Вирка помедлила ответом. Потом просто и тихо сказала:
— А ничего. Поживем вместе и поспим вместе. Только нехорошо как-то перед Анюткой. Большая уж она.
— Она уж спит.
— Все одно нехорошо. Я вот девчонкой в первый раз, как мать с отцом заприметила, с чего-то совестно и туго так дышать мне стало. А я совсем чужая, и слух про меня нехороший. Обидно ей за отца будет. Первые-то обиды живучи. Погоди, приобыкнет малость ко мне.
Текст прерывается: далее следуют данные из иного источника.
lemma emeasure_Ioo_Int_Ico_le:
  fixes l u a b :: real
  assumes sets_M: "sets M = sets (restrict_space borel {l<..<u})"
    and le: "\<And>a' b'. a \<le> a' \<Longrightarrow> b' \<le> b \<Longrightarrow> l < a' \<Longrightarrow> a' < b' \<Longrightarrow> b' < u \<Longrightarrow> emeasure M {a'..<b'} \<le> c"
  shows "emeasure M ({l<..<u} \<inter> {a..<b}) \<le> c"
proof -
  define P where "P n = {max a (l + 1 / Suc n)..<min b (u - 1 / Suc n)}" for n :: nat
  have UN_P: "{l<..<u} \<inter> {a..<b} = (\<Union>n. P n)"
    unfolding P_def by (rule Ioo_Int_Ico_eq_UN_Ico)
  have "incseq P"
  proof (rule monoI)
    fix n m :: nat assume "n \<le> m"
    then have "1 / real (Suc m) \<le> 1 / real (Suc n)" by (simp add: frac_le)
    then show "P n \<subseteq> P m" by (auto simp: P_def)
  qed
  moreover have "P n \<in> sets M" for n
    unfolding sets_M using UN_P by (subst sets_restrict_space_iff) (auto simp: P_def)
  ultimately have "emeasure M ({l<..<u} \<inter> {a..<b}) = (SUP n. emeasure M (P n))"
    using SUP_emeasure_incseq[of P M] UN_P by (auto simp: image_subset_iff)
  also have "\<dots> \<le> c"
  proof (rule SUP_least)
    fix n
    show "emeasure M (P n) \<le> c"
    proof (cases "P n = {}")
      case False
      then have "max a (l + 1 / Suc n) < min b (u - 1 / Suc n)" by (simp add: P_def)
      moreover have "0 < 1 / real (Suc n)" by simp
      then have "l < max a (l + 1 / Suc n)" "min b (u - 1 / Suc n) < u"
        by (intro max.strict_coboundedI2 min.strict_coboundedI2, linarith)+
      ultimately show ?thesis unfolding P_def by (intro le) auto
    qed simp
  qed
  finally show ?thesis .
qed

lemma emeasure_Ioo_finite_of_Ico:
  fixes l u K :: real
  assumes "sets M = sets (restrict_space borel {l<..<u})"
    and "\<And>a b. l < a \<Longrightarrow> a < b \<Longrightarrow> b < u \<Longrightarrow> emeasure M {a..<b} \<le> ennreal K"
  shows "emeasure M {l<..<u} < \<infinity>"
proof -
  have "emeasure M ({l<..<u} \<inter> {l..<u}) \<le> ennreal K"
    using assms by (intro emeasure_Ioo_Int_Ico_le)
  moreover have "{l<..<u} \<inter> {l..<u} = {l<..<u}" by auto
  ultimately show ?thesis by (simp add: le_less_trans)
qed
Но на ласку Виркину Анютка не поддавалась. Враждебными глазами за ней следила. На вопросы Виркины или совсем не отвечала, или бранью отзывалась. Когда увозил ее в город отец, она повернулась на дровнях и посмотрела на провожавшую их Вирку. Таким не детским ненавидящим взглядом посмотрела, что у Вирки долго сердце щемило. И Анюткину детскую злобу, как самое больное, как кару за грех своей жизни, в сердце приняла. Пятилетний Семка и трехлеток Панька скоро привыкли цепляться за ее юбку, как раньше за мать цеплялись. Она их холила на диво другим бабам. Анисья при встречах смеялась:
— Мы и то толкуем, чтоб все вдовцы не женились, а гулену неродящую в матери детям наймали. Старательные попадают!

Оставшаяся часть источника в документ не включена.